UM Data Science Research Seminar with Law & Tech Lab
The UM Data Science Research Seminar Series are monthly sessions organized by the Institute of Data Science, in collaboration with different departments across UM. The aim of these sessions is to bring together scientists from all over Maastricht University to discuss breakthroughs and research topics related to Data Science. This seminar is organized in collaboration with the Law & Tech Lab.
All events are in-person and free of charge. We also offer participants a FREE lunch.
Time: 12:00 - 12:30
Speaker: Antoine Louis
Title: AI for Law: Bridging the Gap between People and the Law with Language Models
Abstract: While becoming increasingly available online, the law remains challenging to search, investigate, and understand from an average citizen's perspective. This barrier to accessing legal information creates a clear imbalance within the legal system, preventing the right to equal access to justice for all. Our research project aims to investigate the use of neural language models to address the problem of ad-hoc legal information retrieval, i.e., returning relevant legal resources related to a short user query formulated in natural language.
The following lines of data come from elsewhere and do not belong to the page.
(* Let $n\ge 2$ and let $\Lambda_n$ be a cycle ordering of the chains of a symmetric chain decomposition of $Q_n$. Then in the corresponding Hamilton cycle, any two chains $C$ and $C'$ with $|C|\equiv|C'|\pmod 4$ are traversed in the same direction (both upwards or both downwards).
   Context: $Q_n$ is the hypercube on $\{0,1\}^n$; level $k$ is the set of strings with $k$ ones. A symmetric chain is a path $(x_k,\ldots,x_{n-k})$ in $Q_n$ with $x_i$ in level $i$; a symmetric chain decomposition (SCD) is a partition of the vertices of $Q_n$ into symmetric chains. The length $|C|$ of a chain is its number of edges; its bottom end is its vertex in the lowest level and its top end its vertex in the highest level. A cycle ordering of the chains of an SCD is a cyclic ordering of all its chains such that the chains together with, for each pair of cyclically consecutive chains, one connecting edge of $Q_n$ form a Hamilton cycle, where the connecting edges join consecutive chains alternately at their top ends and at their bottom ends, with the exception that two consecutive chains of length $1$ are joined by an edge from the bottom end of one of them to the top end of the other. *)

theory Defs
  imports Main
begin

text \<open>Vertices of the hypercube Q_n are the subsets of {0..<n} (a 0/1 string is
identified with the set of positions carrying a one); the level of a vertex is its
cardinality.\<close>

definition hc_vertex :: "nat \<Rightarrow> nat set \<Rightarrow> bool" where
  "hc_vertex n x \<longleftrightarrow> x \<subseteq> {..<n}"

definition hc_adj :: "nat \<Rightarrow> nat set \<Rightarrow> nat set \<Rightarrow> bool" where
  "hc_adj n x y \<longleftrightarrow> hc_vertex n x \<and> hc_vertex n y \<and> card (x - y) + card (y - x) = 1"

text \<open>A chain is a list of vertices listed from its bottom end to its top end.
A symmetric chain (x_k, ..., x_{n-k}): a path with x_i in level i.\<close>

definition symm_chain :: "nat \<Rightarrow> nat set list \<Rightarrow> bool" where
  "symm_chain n C \<longleftrightarrow> C \<noteq> [] \<and> (\<forall>x\<in>set C. hc_vertex n x)
     \<and> (\<forall>i<length C. card (C ! i) = card (hd C) + i)
     \<and> card (hd C) + card (last C) = n
     \<and> (\<forall>i. Suc i < length C \<longrightarrow> hc_adj n (C ! i) (C ! Suc i))"

text \<open>Length = number of edges.\<close>
definition chain_len :: "nat set list \<Rightarrow> nat" where
  "chain_len C = length C - 1"

definition bottom_end :: "nat set list \<Rightarrow> nat set" where
  "bottom_end C = hd C"

definition top_end :: "nat set list \<Rightarrow> nat set" where
  "top_end C = last C"

definition chain_end :: "bool \<Rightarrow> nat set list \<Rightarrow> nat set" where
  "chain_end t C = (if t then top_end C else bottom_end C)"

definition SCD :: "nat \<Rightarrow> nat set list set \<Rightarrow> bool" where
  "SCD n D \<longleftrightarrow> (\<forall>C\<in>D. symm_chain n C)
     \<and> (\<forall>x. hc_vertex n x \<longrightarrow> (\<exists>!C. C \<in> D \<and> x \<in> set C))"

definition hamilton_cycle :: "nat \<Rightarrow> nat set list \<Rightarrow> bool" where
  "hamilton_cycle n H \<longleftrightarrow> distinct H \<and> set H = {x. hc_vertex n x} \<and> 3 \<le> length H
     \<and> (\<forall>i. Suc i < length H \<longrightarrow> hc_adj n (H ! i) (H ! Suc i))
     \<and> hc_adj n (last H) (hd H)"

definition cnext :: "nat \<Rightarrow> nat \<Rightarrow> nat" where
  "cnext m i = Suc i mod m"

definition cprev :: "nat \<Rightarrow> nat \<Rightarrow> nat" where
  "cprev m i = (i + m - 1) mod m"

text \<open>Connecting edge i joins chain L!i to chain L!(cnext m i); it leaves L!i at the end
chain_end (a i) and enters L!(cnext m i) at the end chain_end (b i).
Chain j is therefore entered at end b (cprev m j); it is traversed downwards iff it is
entered at its top end.\<close>
definition traversed_down :: "nat set list list \<Rightarrow> (nat \<Rightarrow> bool) \<Rightarrow> nat \<Rightarrow> bool" where
  "traversed_down L b j = b (cprev (length L) j)"

definition traversal :: "nat set list list \<Rightarrow> (nat \<Rightarrow> bool) \<Rightarrow> nat \<Rightarrow> nat set list" where
  "traversal L b j = (if traversed_down L b j then rev (L ! j) else L ! j)"

definition exceptional_edge :: "nat set list list \<Rightarrow> nat \<Rightarrow> bool" where
  "exceptional_edge L i \<longleftrightarrow> chain_len (L ! i) = 1 \<and> chain_len (L ! cnext (length L) i) = 1"

text \<open>Cycle ordering of the chains of the SCD D, with connecting edges described by a, b:
 - each connecting edge is an edge of Q_n;
 - two consecutive chains of length 1 are joined bottom-to-top (a i \<noteq> b i), all other
   consecutive pairs top-to-top or bottom-to-bottom (a i = b i);
 - alternation: a chain entered via a top (bottom) end is left via a bottom (top) end;
 - the chains together with the connecting edges form a Hamilton cycle.\<close>
definition cycle_ordering ::
  "nat \<Rightarrow> nat set list set \<Rightarrow> nat set list list \<Rightarrow> (nat \<Rightarrow> bool) \<Rightarrow> (nat \<Rightarrow> bool) \<Rightarrow> bool" where
  "cycle_ordering n D L a b \<longleftrightarrow> distinct L \<and> set L = D \<and>
     (let m = length L in
       (\<forall>i<m. hc_adj n (chain_end (a i) (L ! i)) (chain_end (b i) (L ! cnext m i))
            \<and> (if exceptional_edge L i then a i \<noteq> b i else a i = b i)
            \<and> b i \<noteq> a (cnext m i))
       \<and> hamilton_cycle n (concat (map (traversal L b) [0..<m]))
       \<and> (\<forall>i<m. last (traversal L b i) = chain_end (a i) (L ! i)
              \<and> hd (traversal L b (cnext m i)) = chain_end (b i) (L ! cnext m i)))"

end

theory Submission
  imports Defs
begin

text \<open>Two cyclically consecutive chains joined at equal ends have those ends on adjacent levels,
so by symmetry their lengths differ by exactly 2; by alternation of the connecting edges the
second one is traversed in the opposite direction. Two chains joined by an exceptional edge
both have length 1 and are traversed in the same direction. Hence, along the cycle ordering,
whether a chain is traversed downwards agrees (up to one global flip) with whether its length is
2 or 3 modulo 4.\<close>

lemma hc_adj_card:
  assumes "hc_adj n x y"
  shows "card x = Suc (card y) \<or> card y = Suc (card x)"
proof -
  have "finite x" "finite y"
    using assms unfolding hc_adj_def hc_vertex_def by (auto intro: finite_subset)
  then have "card x = card (x \<inter> y) + card (x - y)" "card y = card (x \<inter> y) + card (y - x)"
    by (metis Int_Diff_disjoint Int_Diff_Un card_Un_disjoint finite_Diff finite_Int inf_commute)+
  moreover have "card (x - y) + card (y - x) = 1"
    using assms unfolding hc_adj_def by blast
  ultimately show ?thesis by arith
qed

lemma symm_chain_end_cards:
  assumes "symm_chain n C"
  shows "2 * card (top_end C) = n + chain_len C" and "2 * card (bottom_end C) + chain_len C = n"
proof -
  have ne: "C \<noteq> []" and levels: "\<forall>i<length C. card (C ! i) = card (hd C) + i"
    and sym: "card (hd C) + card (last C) = n"
    using assms unfolding symm_chain_def by auto
  have "card (last C) = card (hd C) + (length C - 1)"
    using ne levels by (simp add: last_conv_nth)
  then show "2 * card (top_end C) = n + chain_len C" "2 * card (bottom_end C) + chain_len C = n"
    using sym unfolding top_end_def bottom_end_def chain_len_def by linarith+
qed

lemma symm_chains_adj_same_end:
  assumes "symm_chain n C" "symm_chain n C'" "hc_adj n (chain_end t C) (chain_end t C')"
  shows "chain_len C = chain_len C' + 2 \<or> chain_len C' = chain_len C + 2"
  using symm_chain_end_cards[OF assms(1)] symm_chain_end_cards[OF assms(2)] hc_adj_card[OF assms(3)]
  by (cases t) (auto simp: chain_end_def)

lemma cnext_cprev: "j < m \<Longrightarrow> cnext m (cprev m j) = j"
proof -
  assume "j < m"
  then have "Suc (j + m - 1) mod m = j"
    by simp
  then show ?thesis
    unfolding cnext_def cprev_def by (simp add: mod_Suc_eq)
qed

lemma cprev_cnext: "j < m \<Longrightarrow> cprev m (cnext m j) = j"
  unfolding cnext_def cprev_def
  by (cases "Suc j = m") (simp_all add: mod_add_left_eq)

lemma cnext_less: "j < m \<Longrightarrow> cnext m j < m"
  unfolding cnext_def by simp

lemma cprev_less: "j < m \<Longrightarrow> cprev m j < m"
  unfolding cprev_def by simp

lemma cycle_ordering_traversed_down_cnext:
  assumes "cycle_ordering n D L a b" and "k < length L"
  shows "traversed_down L b (cnext (length L) k)
           \<longleftrightarrow> (traversed_down L b k \<longleftrightarrow> exceptional_edge L k)"
proof -
  let ?m = "length L"
  have edges: "\<forall>i<?m. (if exceptional_edge L i then a i \<noteq> b i else a i = b i)
                      \<and> b i \<noteq> a (cnext ?m i)"
    using assms(1) unfolding cycle_ordering_def Let_def by blast
  have "b (cprev ?m k) \<noteq> a k"
    using edges cprev_less[OF assms(2)] cnext_cprev[OF assms(2)] by metis
  then have "a k \<longleftrightarrow> \<not> traversed_down L b k"
    unfolding traversed_down_def by blast
  moreover have "traversed_down L b (cnext ?m k) = b k"
    using cprev_cnext[OF assms(2)] unfolding traversed_down_def by simp
  ultimately show ?thesis
    using edges assms(2) by (cases "exceptional_edge L k") auto
qed

lemma cycle_ordering_chain_len_cnext:
  assumes "SCD n D" and "cycle_ordering n D L a b" and "k < length L"
    and "\<not> exceptional_edge L k"
  shows "chain_len (L ! k) = chain_len (L ! cnext (length L) k) + 2
    \<or> chain_len (L ! cnext (length L) k) = chain_len (L ! k) + 2"
proof -
  let ?m = "length L"
  have chains: "\<forall>C\<in>set L. symm_chain n C"
    using assms(1,2) unfolding SCD_def cycle_ordering_def by blast
  have edges: "\<forall>i<?m. hc_adj n (chain_end (a i) (L ! i)) (chain_end (b i) (L ! cnext ?m i))
                     \<and> (if exceptional_edge L i then a i \<noteq> b i else a i = b i)"
    using assms(2) unfolding cycle_ordering_def Let_def by blast
  have "symm_chain n (L ! k)" "symm_chain n (L ! cnext ?m k)"
    using chains assms(3) cnext_less[OF assms(3)] by simp_all
  moreover have "hc_adj n (chain_end (b k) (L ! k)) (chain_end (b k) (L ! cnext ?m k))"
    using edges assms(3,4) by fastforce
  ultimately show ?thesis
    by (rule symm_chains_adj_same_end)
qed

lemma two_le_mod4_add2: "2 \<le> (x + 2) mod 4 \<longleftrightarrow> \<not> 2 \<le> (x::nat) mod 4"
  by presburger

lemma cycle_ordering_direction_vs_len_mod4_cnext:
  assumes "SCD n D" and "cycle_ordering n D L a b" and "k < length L"
  defines "P j \<equiv> traversed_down L b j \<longleftrightarrow> 2 \<le> chain_len (L ! j) mod 4"
  shows "P (cnext (length L) k) = P k"
proof (cases "exceptional_edge L k")
  case True
  then have "chain_len (L ! cnext (length L) k) = chain_len (L ! k)"
    unfolding exceptional_edge_def by simp
  with True show ?thesis
    using cycle_ordering_traversed_down_cnext[OF assms(2,3)] unfolding P_def by simp
next
  case False
  then have "2 \<le> chain_len (L ! cnext (length L) k) mod 4 \<longleftrightarrow> \<not> 2 \<le> chain_len (L ! k) mod 4"
    using cycle_ordering_chain_len_cnext[OF assms(1-3)] two_le_mod4_add2 by fastforce
  with False show ?thesis
    using cycle_ordering_traversed_down_cnext[OF assms(2,3)] unfolding P_def by simp
qed

theorem lemma16:
  fixes n :: nat and D :: "nat set list set" and L :: "nat set list list"
    and a b :: "nat \<Rightarrow> bool" and i j :: nat
  assumes "2 \<le> n"
    and "SCD n D"
    and "cycle_ordering n D L a b"
    and "i < length L" and "j < length L"
    and "chain_len (L ! i) mod 4 = chain_len (L ! j) mod 4"
  shows "traversed_down L b i = traversed_down L b j"
proof -
  define P where "P k \<longleftrightarrow> traversed_down L b k \<longleftrightarrow> 2 \<le> chain_len (L ! k) mod 4" for k
  have "P (Suc k) = P k" if "Suc k < length L" for k
    using cycle_ordering_direction_vs_len_mod4_cnext[OF assms(2,3), of k] that
    unfolding P_def cnext_def by simp
  then have "P k = P 0" if "k < length L" for k
    using that by (induction k) auto
  then have "P i = P j"
    using assms(4,5) by metis
  then show ?thesis
    using assms(6) unfolding P_def by auto
qed

end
By developing practical and reliable models that assist people with their legal questions, we intend to bridge the gap between citizens and the law.
Time: 12:30 - 13:00
Speaker: Hellen van der Kroef
Title: Law, Language and Legal Tech: a New Approach for the European Union
Abstract: The European Union is considered the most complex multilingual organisation worldwide, with 24 official legislative languages. Directives, a subset of EU law, set out a goal to be accomplished but do not directly apply. Each Member State has to adopt its own legislation in order to comply with the directive in a process called transposition. While legal outcomes should be identical, this is far from always the case. This research project aims to get to the bottom of the role of language in transposition, and how non-compliance could be detected through automated approaches using natural language processing.